Once you’ve decided that you are going to start potty training, you will need to consider some other important factors. Before you begin, be sure that you have chosen a time in your family’s life that is as normal as possible…so maybe we’re waiting until 2021. This means don’t start potty training around the same time that your family or child is experiencing some sort of major change like moving, bringing home a new baby, going through a divorce, etc. Getting rid of diapers is enough for your little one to cope with!

Gradual potty training

When you have figured out a good time to start potty training, you will need to decide if you will introduce the potty gradually, or if you will dive in and eliminate diapers cold turkey with more of a bootcamp style, or 3-day method. Generally speaking, the Child-Directed approach leans more towards a gradual method of potty training because it will be paced by the child themselves. On the other hand, the 3-day/cold turkey methods lend themselves more towards a Parent-Directed approach. Remember to consider your child’s personality when choosing. If your child has any of the below traits, they will do best with a gradual introduction to the potty:

  • Stubborn
  • Resistant to change
  • Relies on routine and schedules
  • Independent
  • Strives to maintain control over things

In this case, take some time to get your child familiar with the concept of potty training with no pressure for a couple weeks before you remove diapers which will help them feel more comfortable with the upcoming change. Some ways to do this would be by:

  • Reading potty books
  • Watching potty videos
  • Performing standing diaper changes in the bathroom
  • Playing pretend with toys and dolls using the potty
  • Inviting them into the bathroom with you when you need to go
  • Incorporating one or more scheduled potty sits throughout the day
  • Counting down the days to no more diapers

As you notice your child becoming more comfortable and on board with the potty, then you can move to some diaper-free time to allow your child to become familiar with their body’s signals AND to experience some accidents! Accidents are actually great learning opportunities, and you can always try to turn an accident into a success by catching some pee or poop in the potty. This process will likely span a few weeks or more, but remember, potty training is not a race! So if it is what works best for your child, then run with it!

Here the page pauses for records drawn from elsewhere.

lemma bgw_sigma_inversion:
  fixes X \<Phi> :: "nat \<Rightarrow> 'a::field"
  assumes rel: "\<And>j. X j + (\<Sum>b\<in>{1..N}. v (2*b - 1) * X (j + b)) = \<Phi> j"
    and vanish: "\<And>j. G \<le> j \<Longrightarrow> X j = 0" and G: "G \<le> N + 1"
  shows "X k = (\<Sum>d<G. bgw_sigma v d * \<Phi> (k + d))"
proof -
  have "\<Phi> j = (\<Sum>b\<le>N. bgw_C v $ (2*b) * X (j + b))" for j
  proof -
    have "{..N} = insert 0 {1..N}"
      by auto
    then show ?thesis
      using rel[of j] by (simp add: bgw_C_nth_even)
  qed
  then have "(\<Sum>d<G. bgw_sigma v d * \<Phi> (k + d))
      = (\<Sum>(d, b)\<in>{..<G} \<times> {..N}. bgw_sigma v d * bgw_C v $ (2*b) * X (k + (d + b)))"
    by (simp add: sum.cartesian_product sum_distrib_left mult.assoc add.assoc)
  also have "\<dots> = (\<Sum>(d, b)\<in>{(d, b). d + b < G}. bgw_sigma v d * bgw_C v $ (2*b) * X (k + (d + b)))"
  proof -
    have "j < G" if "X (k + j) \<noteq> 0" for j
      using that vanish[of "k + j"] by linarith
    then show ?thesis
      using G by (intro sum.mono_neutral_right) auto
  qed
  also have "\<dots> = (\<Sum>e<G. X (k + e) * (\<Sum>d\<le>e. bgw_sigma v d * bgw_C v $ (2*(e - d))))"
    by (subst sum.triangle_reindex) (simp add: sum_distrib_left mult_ac)
  also have "\<dots> = (\<Sum>e<G. if e = 0 then X k else 0)"
    by (intro sum.cong refl) (simp add: bgw_sigma_convolution)
  also have "\<dots> = X k"
    using vanish[of k] by (simp add: sum.delta)
  finally show ?thesis ..
qed

section \<open>Well-foundedness of the recursion\<close>

definition stable :: "nat \<Rightarrow> nat \<Rightarrow> bool" where
  "stable g n \<longleftrightarrow> 1 \<le> n \<and> 2 < 2*g + n"

lemma card_Pow_lessThan:
  assumes "J \<in> Pow {..<m::nat}"
  shows "card J \<le> m" and "card J = 0 \<longleftrightarrow> J = {}" and "card J = m \<longleftrightarrow> J = {..<m}"
proof -
  have "finite J"
    using assms finite_subset by auto
  then show "card J = 0 \<longleftrightarrow> J = {}"
    by simp
  show "card J \<le> m"
    using assms by (metis PowD card_lessThan card_mono finite_lessThan)
  show "card J = m \<longleftrightarrow> J = {..<m}"
    using assms by (metis PowD card_lessThan card_subset_eq finite_lessThan)
qed

text \<open>The exceptions are the factors \<open>\<omega>\<^sub>0\<^sub>,\<^sub>2\<close>.\<close>

lemma separating_factors_smaller:
  assumes "c \<le> m" "h \<le> g" "\<not> (h = 0 \<and> c = 0)" "\<not> (h = g \<and> c = m)"
  shows "\<not> (h = 0 \<and> c = 1) \<Longrightarrow> stable h (Suc c) \<and> 2*h + Suc c < 2*g + Suc m"
    and "\<not> (g - h = 0 \<and> m - c = 1) \<Longrightarrow>
           stable (g - h) (Suc (m - c)) \<and> 2*(g - h) + Suc (m - c) < 2*g + Suc m"
  using assms by (auto simp: stable_def)

lemma Gom_cong: "(h = 0 \<and> m = 2) \<or> f h m = f' h m \<Longrightarrow> Gom f h m = Gom f' h m"
  unfolding Gom_def by (rule ext) auto

lemma ceo_step_cong:
  assumes n: "n \<ge> 1"
    and agree: "\<And>g' n'. stable g' n' \<Longrightarrow> 2*g' + n' < 2*g + n \<Longrightarrow> f g' n' = f' g' n'"
  shows "ceo_step y f g n = ceo_step y f' g n"
proof
  fix e
  have nonseparating: "f (g - 1) (n + 1) = f' (g - 1) (n + 1)" if "g \<noteq> 0" "\<not> (g = 1 \<and> n = 1)"
    using that n by (intro agree) (auto simp: stable_def)
  have separating: "Gom f h (Suc (card J)) = Gom f' h (Suc (card J))
      \<and> Gom f (g - h) (Suc (n - 1 - card J)) = Gom f' (g - h) (Suc (n - 1 - card J))"
    if J: "J \<in> Pow {..<n-1}" and h: "h \<in> {..g}"
      and ne: "\<not> ((h = 0 \<and> J = {}) \<or> (h = g \<and> J = {..<n-1}))" for J h
  proof -
    have n_eq: "n = Suc (n - 1)"
      using n by simp
    note smaller = separating_factors_smaller[of "card J" "n - 1" h g, folded n_eq]
    have card: "card J \<le> n - 1" "h \<le> g" "\<not> (h = 0 \<and> card J = 0)" "\<not> (h = g \<and> card J = n - 1)"
      using card_Pow_lessThan[OF J] ne h by auto
    have "(h = 0 \<and> Suc (card J) = 2) \<or> f h (Suc (card J)) = f' h (Suc (card J))"
      using smaller(1)[OF card] agree by force
    moreover have "(g - h = 0 \<and> Suc (n - 1 - card J) = 2)
        \<or> f (g - h) (Suc (n - 1 - card J)) = f' (g - h) (Suc (n - 1 - card J))"
      using smaller(2)[OF card] agree by force
    ultimately show ?thesis
      by (simp add: Gom_cong)
  qed
  show "ceo_step y f g n e = ceo_step y f' g n e"
  proof (cases e)
    case (Cons e1 eK)
    show ?thesis
      unfolding ceo_step_def Cons list.case Let_def
      apply (intro if_cong refl arg_cong2[where f = fsum] ext arg_cong2[where f = "(*)"]
          arg_cong2[where f = "(+)"])
      subgoal
        using nonseparating by (simp del: One_nat_def)
      subgoal
        using separating by (intro sum.cong refl) simp
      done
  qed (simp add: ceo_step_def)
qed

lemma ceo_omega_iterate:
  "stable g n \<Longrightarrow> k \<ge> 2*g + n \<Longrightarrow> (ceo_step y ^^ k) (\<lambda>_ _ _. 0) g n = ceo_omega y g n"
proof (induction "2*g + n" arbitrary: g n k rule: less_induct)
  case less
  obtain k' where k: "k = Suc k'"
    using less.prems by (cases k) (auto simp: stable_def)
  obtain s where s: "2*g + n = Suc s"
    using less.prems by (cases "2*g + n") (auto simp: stable_def)
  have "(ceo_step y ^^ k) (\<lambda>_ _ _. 0) g n = ceo_step y ((ceo_step y ^^ k') (\<lambda>_ _ _. 0)) g n"
    by (simp add: k)
  also have "\<dots> = ceo_step y ((ceo_step y ^^ s) (\<lambda>_ _ _. 0)) g n"
    using less.hyps less.prems k s by (intro ceo_step_cong) (auto simp: stable_def)
  also have "\<dots> = ceo_omega y g n"
    by (simp add: ceo_omega_def s)
  finally show ?case .
qed

lemma ceo_omega_rec:
  assumes "stable g n"
  shows "ceo_omega y g n es = ceo_step y (ceo_omega y) g n es"
proof -
  obtain s where s: "2*g + n = Suc s"
    using assms by (cases "2*g + n") (auto simp: stable_def)
  have "ceo_omega y g n = ceo_step y ((ceo_step y ^^ s) (\<lambda>_ _ _. 0)) g n"
    by (simp add: ceo_omega_def s)
  also have "\<dots> = ceo_step y (ceo_omega y) g n"
    using assms s by (intro ceo_step_cong ceo_omega_iterate) (auto simp: stable_def)
  finally show ?thesis
    by simp
qed

lemma ceo_omega_unstable:
  assumes "\<not> stable g n" "n \<ge> 1"
  shows "ceo_omega y g n e = 0"
proof -
  have "g = 0" and n: "n = 1 \<or> n = 2"
    using assms unfolding stable_def by linarith+
  from n show ?thesis
  proof
    assume "n = 1"
    with \<open>g = 0\<close> show ?thesis
      by (simp add: ceo_omega_def ceo_step_def fsum_def split: list.split)
  next
    assume "n = 2"
    moreover have "Pow {0::nat} = {{}, {0}}" "{..<Suc (Suc 0) - 1} = {0::nat}"
      by auto
    ultimately show ?thesis
      using \<open>g = 0\<close>
      by (simp add: ceo_omega_def ceo_step_def fsum_def numeral_2_eq_2 lessThan_Suc split: list.split)
  qed
qed

lemma ceo_omega_Nil [simp]: "ceo_omega y g n [] = 0"
  by (cases "2*g + n") (simp_all add: ceo_omega_def ceo_step_def)

section \<open>Pole exponents and finitely supported sums\<close>

text \<open>\<open>pole a\<close> is the exponent of \<open>z\<close> in \<open>dz / z\<^sup>2\<^sup>a\<^sup>+\<^sup>2\<close>.\<close>

definition pole :: "nat \<Rightarrow> int" where
  "pole a = - 2 * int a - 2"

lemma pole_eq_iff [simp]: "pole a = pole b \<longleftrightarrow> a = b"
  by (auto simp: pole_def)

lemma range_pole: "e \<in> range pole \<longleftrightarrow> e \<le> -2 \<and> even e"
proof
  assume "e \<le> -2 \<and> even e"
  then obtain t where "e = 2 * t" "t \<le> -1"
    by (auto elim: evenE)
  then have "e = pole (nat (- t - 1))"
    by (simp add: pole_def)
  then show "e \<in> range pole"
    by blast
qed (auto simp: pole_def)

lemma pole_diff: "a < k \<Longrightarrow> pole k - pole a = pole (k - 1 - a)"
  by (simp add: pole_def of_nat_diff)

lemma minus_one_power_pole: "(-1::'a::ring_1) ^ nat \<bar>pole a\<bar> = 1"
proof -
  have "even (nat \<bar>pole a\<bar>)"
    by (simp add: pole_def even_nat_iff)
  then show ?thesis
    by simp
qed

definition pole_coeffs :: "(nat \<Rightarrow> nat \<Rightarrow> int list \<Rightarrow> 'a) \<Rightarrow> nat \<Rightarrow> nat list \<Rightarrow> 'a" where
  "pole_coeffs f g as = f g (length as) (map pole as)"

lemma Fcoef_eq_pole_coeffs: "Fcoef y = pole_coeffs (ceo_omega y)"
proof -
  have "(\<lambda>a. - 2 * int a - 2) = pole"
    by (rule ext) (simp add: pole_def)
  then show ?thesis
    by (simp add: Fcoef_def pole_coeffs_def fun_eq_iff)
qed

definition pole_supported :: "(nat \<Rightarrow> nat \<Rightarrow> int list \<Rightarrow> 'a::zero) \<Rightarrow> nat \<Rightarrow> nat \<Rightarrow> bool" where
  "pole_supported f g n \<longleftrightarrow> (\<forall>es. length es = n \<longrightarrow> f g n es \<noteq> 0 \<longrightarrow> set es \<subseteq> range pole)"

lemma pole_supportedD:
  "pole_supported f g n \<Longrightarrow> length es = n \<Longrightarrow> x \<in> set es \<Longrightarrow> x \<notin> range pole \<Longrightarrow> f g n es = 0"
  unfolding pole_supported_def by blast

lemma pole_supported_set:
  "pole_supported f g n \<Longrightarrow> length es = n \<Longrightarrow> f g n es \<noteq> 0 \<Longrightarrow> set es \<subseteq> range pole"
  unfolding pole_supported_def by blast

lemma fsum_eq_sum:
  assumes "finite S" "S \<subseteq> A" "\<And>x. x \<in> A \<Longrightarrow> x \<notin> S \<Longrightarrow> f x = 0"
  shows "fsum f A = sum f S"
proof -
  have "{x \<in> A. f x \<noteq> 0} \<subseteq> S"
    using assms by auto
  then have "sum f {x \<in> A. f x \<noteq> 0} = sum f S"
    using assms by (intro sum.mono_neutral_left) auto
  then show ?thesis
    by (simp add: fsum_def)
qed

lemma fsum_zero: "(\<And>x. x \<in> A \<Longrightarrow> f x = 0) \<Longrightarrow> fsum f A = 0"
  by (simp add: fsum_def)

lemma fsum_single: "a \<in> A \<Longrightarrow> (\<And>x. x \<in> A \<Longrightarrow> x \<noteq> a \<Longrightarrow> f x = 0) \<Longrightarrow> fsum f A = f a"
  using fsum_eq_sum[of "{a}" A f] by auto

lemma fsum_reindex:
  assumes "inj \<phi>" "\<And>x. x \<notin> range \<phi> \<Longrightarrow> f x = 0"
  shows "fsum f UNIV = fsum (f \<circ> \<phi>) UNIV"
proof -
  have "{x. f x \<noteq> 0} = \<phi> ` {d. f (\<phi> d) \<noteq> 0}"
  proof (intro set_eqI iffI)
    fix x assume "x \<in> {x. f x \<noteq> 0}"
    moreover from this have "x \<in> range \<phi>"
      using assms(2) by blast
    ultimately obtain d where "x = \<phi> d" "f (\<phi> d) \<noteq> 0"
      by auto
    then show "x \<in> \<phi> ` {d. f (\<phi> d) \<noteq> 0}"
      by blast
  qed auto
  moreover have "inj_on \<phi> {d. f (\<phi> d) \<noteq> 0}"
    using assms(1) by (simp add: inj_on_def inj_def)
  ultimately show ?thesis
    by (simp add: fsum_def sum.reindex)
qed

text \<open>A product of factors at \<open>w\<close> and \<open>-w\<close> is summed over the splittings \<open>p + q = j\<close>
  of the exponent of \<open>w\<close>, with the sign \<open>(-1)\<^sup>q\<close> coming from \<open>-w\<close>.\<close>

lemma fsum_convolution_poles:
  fixes f :: "int \<Rightarrow> int \<Rightarrow> 'a::ring_1"
  assumes supp: "\<And>p q. f p q \<noteq> 0 \<Longrightarrow> p \<in> range pole \<and> q \<in> range pole"
  shows "fsum (\<lambda>p. (-1) ^ nat \<bar>pole k - p\<bar> * f p (pole k - p)) UNIV
    = (\<Sum>a<k. f (pole a) (pole (k - 1 - a)))"
proof -
  have "fsum (\<lambda>p. (-1) ^ nat \<bar>pole k - p\<bar> * f p (pole k - p)) UNIV
      = (\<Sum>p\<in>pole ` {..<k}. (-1) ^ nat \<bar>pole k - p\<bar> * f p (pole k - p))"
  proof (rule fsum_eq_sum)
    fix p assume p: "p \<notin> pole ` {..<k}"
    show "(-1) ^ nat \<bar>pole k - p\<bar> * f p (pole k - p) = 0"
    proof (rule ccontr)
      assume "\<not> ?thesis"
      then have "f p (pole k - p) \<noteq> 0"
        by auto
      then have "p \<in> range pole" "pole k - p \<in> range pole"
        using supp by auto
      then obtain a a' where "p = pole a" "pole k - p = pole a'"
        by blast
      then have "p = pole a" "a < k"
        by (auto simp: pole_def)
      then show False
        using p by auto
    qed
  qed auto
  also have "\<dots> = (\<Sum>a<k. f (pole a) (pole (k - 1 - a)))"
    by (simp add: sum.reindex inj_on_def pole_diff minus_one_power_pole)
  finally show ?thesis .
qed

lemma fsum_om02_left:
  "fsum (\<lambda>p. om02 p (pole c) * (-1) ^ nat \<bar>pole k - p\<bar> * R (pole k - p)) UNIV
    = of_nat (2*c + 1) * R (pole (k + c))"
proof -
  have "pole k - 2 * int c = pole (k + c)" "even (nat \<bar>pole k - 2 * int c\<bar>)"
      "om02 (2 * int c) (pole c) = (of_nat (2*c + 1) :: 'a)"
    by (simp_all add: pole_def even_nat_iff om02_def)
  moreover have "fsum (\<lambda>p. om02 p (pole c) * (-1) ^ nat \<bar>pole k - p\<bar> * R (pole k - p)) UNIV
      = om02 (2 * int c) (pole c) * (-1) ^ nat \<bar>pole k - 2 * int c\<bar> * R (pole k - 2 * int c)"
    by (rule fsum_single) (auto simp: om02_def pole_def)
  ultimately show ?thesis
    by simp
qed

lemma fsum_om02_right:
  "fsum (\<lambda>p. L p * (-1) ^ nat \<bar>pole k - p\<bar> * om02 (pole k - p) (pole c)) UNIV
    = of_nat (2*c + 1) * L (pole (k + c))"
proof -
  have "pole k - pole (k + c) = 2 * int c" "even (nat \<bar>pole k - pole (k + c)\<bar>)"
      "om02 (2 * int c) (pole c) = (of_nat (2*c + 1) :: 'a)"
    by (simp_all add: pole_def even_nat_iff om02_def)
  moreover have "fsum (\<lambda>p. L p * (-1) ^ nat \<bar>pole k - p\<bar> * om02 (pole k - p) (pole c)) UNIV
      = L (pole (k + c)) * (-1) ^ nat \<bar>pole k - pole (k + c)\<bar> * om02 (pole k - pole (k + c)) (pole c)"
    by (rule fsum_single) (auto simp: om02_def pole_def)
  ultimately show ?thesis
    by simp
qed

lemma om02_nonzero_pole_shift:
  assumes "om02 p x \<noteq> 0" "pole k - p \<in> range pole"
  shows "x \<in> range pole"
proof -
  have "0 \<le> p" "x = - p - 2"
    using assms(1) by (auto simp: om02_def split: if_splits)
  moreover have "even (pole k - p)"
    using assms(2) range_pole by blast
  then have "even p"
    by (simp add: pole_def)
  ultimately show ?thesis
    unfolding range_pole by simp
qed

Cold turkey/Three-day potty training

Alternatively, potty boot camp, or 3-day methods are super popular and effective if your child’s personality tends to be:

  • Laid back
  • Adaptable
  • Craving structure
  • Needing clear boundaries

These methods tend to forego all the “potty prep” and ditch the diapers cold turkey over the course of a one to three day period. Typically, parents will remove all diapers (except for sleep) and either move right to underwear, or have a period of bottomless time. This means not leaving the house at all during the training period. Most of these methods involve setting a timer and having the child sit on the potty every 20 to 30 minutes whether they need to go or not to encourage practice and get them comfortable with sitting on the potty. Rewards may or may not be used. Try to keep in mind that these first few days are mainly just to lay the groundwork. Your child will likely not be fully trained within a weekend, and that is perfectly okay!

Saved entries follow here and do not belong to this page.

lemma abs_scaled_integral_kantorovich_cell_remainder_le:
  fixes R :: "real \<Rightarrow> real"
  assumes R: "continuous_on {0..1} R"
    and M: "\<And>t. t \<in> {0..1} \<Longrightarrow> \<bar>R t\<bar> \<le> M"
    and \<epsilon>: "\<epsilon> \<ge> 0"
    and near: "\<And>t. t \<in> {0..1} \<Longrightarrow> \<bar>t - x\<bar> < \<delta> \<Longrightarrow> \<bar>R t\<bar> \<le> \<epsilon> * (t - x)^2"
    and n: "n > 0" and k: "k \<le> n"
    and yx: "\<bar>y - x\<bar> < \<delta> / 3" and n\<delta>: "1 / (real n + 1) < \<delta> / 3"
  shows "\<bar>(real n + 1) * integral (kantorovich_cell n k) R\<bar> \<le>
    \<epsilon> * ((real n + 1) * integral (kantorovich_cell n k) (\<lambda>t. (t - x)^2))
    + M * of_bool (\<delta> / 3 \<le> \<bar>real k / real n - y\<bar>)"
proof (cases "\<delta> / 3 \<le> \<bar>real k / real n - y\<bar>")
  case True
  have "\<bar>(real n + 1) * integral (kantorovich_cell n k) R\<bar>
      \<le> (real n + 1) * integral (kantorovich_cell n k) (\<lambda>t. M)"
    using M kantorovich_cell_subset[OF k]
    by (intro abs_scaled_integral_kantorovich_cell_le R k continuous_intros) auto
  moreover have "0 \<le> \<epsilon> * ((real n + 1) * integral (kantorovich_cell n k) (\<lambda>t. (t - x)^2))"
    using \<epsilon> by (intro mult_nonneg_nonneg integral_nonneg integrable_on_kantorovich_cell
        continuous_intros k) auto
  ultimately show ?thesis
    using True by (simp add: scaled_integral_kantorovich_cell_const)
next
  case False
  have "\<bar>R t\<bar> \<le> \<epsilon> * (t - x)^2" if t: "t \<in> kantorovich_cell n k" for t
  proof (rule near)
    show "t \<in> {0..1}" using t kantorovich_cell_subset[OF k] by auto
    show "\<bar>t - x\<bar> < \<delta>"
      using dist_kantorovich_cell_node[OF n k t] False yx n\<delta> by linarith
  qed
  then have "\<bar>(real n + 1) * integral (kantorovich_cell n k) R\<bar>
      \<le> (real n + 1) * integral (kantorovich_cell n k) (\<lambda>t. \<epsilon> * (t - x)^2)"
    by (intro abs_scaled_integral_kantorovich_cell_le R k continuous_intros)
  then show ?thesis using False by (simp add: mult.left_commute)
qed

lemma kantorovich_remainder_bound:
  fixes R :: "real \<Rightarrow> real"
  assumes R: "continuous_on {0..1} R"
    and M: "\<And>t. t \<in> {0..1} \<Longrightarrow> \<bar>R t\<bar> \<le> M"
    and \<epsilon>: "\<epsilon> \<ge> 0"
    and near: "\<And>t. t \<in> {0..1} \<Longrightarrow> \<bar>t - x\<bar> < \<delta> \<Longrightarrow> \<bar>R t\<bar> \<le> \<epsilon> * (t - x)^2"
    and y: "y \<in> {0..1}" and n: "n > 0"
    and yx: "\<bar>y - x\<bar> < \<delta> / 3" and n\<delta>: "1 / (real n + 1) < \<delta> / 3"
  shows "\<bar>kantorovich n R y\<bar> \<le>
    \<epsilon> * kantorovich n (\<lambda>t. (t - x)^2) y + M * bernstein_tail n y (\<delta> / 3)"
proof -
  have "\<bar>kantorovich n R y\<bar> \<le> (\<Sum>k=0..n. p_nk n k y *
      (\<epsilon> * ((real n + 1) * integral (kantorovich_cell n k) (\<lambda>t. (t - x)^2))
       + M * of_bool (\<delta> / 3 \<le> \<bar>real k / real n - y\<bar>)))"
    unfolding kantorovich_def
    using abs_scaled_integral_kantorovich_cell_remainder_le[OF R M \<epsilon> near n _ yx n\<delta>]
      p_nk_nonneg[OF y]
    by (intro order_trans[OF sum_abs sum_mono]) (simp add: abs_mult mult_left_mono)
  also have "\<dots> = \<epsilon> * kantorovich n (\<lambda>t. (t - x)^2) y + M * bernstein_tail n y (\<delta> / 3)"
    unfolding kantorovich_def bernstein_tail_def sum_distrib_left sum.distrib[symmetric]
    by (intro sum.cong) (simp_all add: algebra_simps)
  finally show ?thesis .
qed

No matter what method you choose, it is important to keep in mind that potty training is a marathon, not a sprint. It isn’t something that can be rushed, and it takes hard work to maintain and advance progress beyond the initial training period. The best thing you can do is stay consistent and make sure all your child’s caregivers are on the same page to avoid any mixed messages. Also, don’t forget to have confidence–in both your child and yourself! As Theodore Roosevelt said, “Believe you can and you’re halfway there.”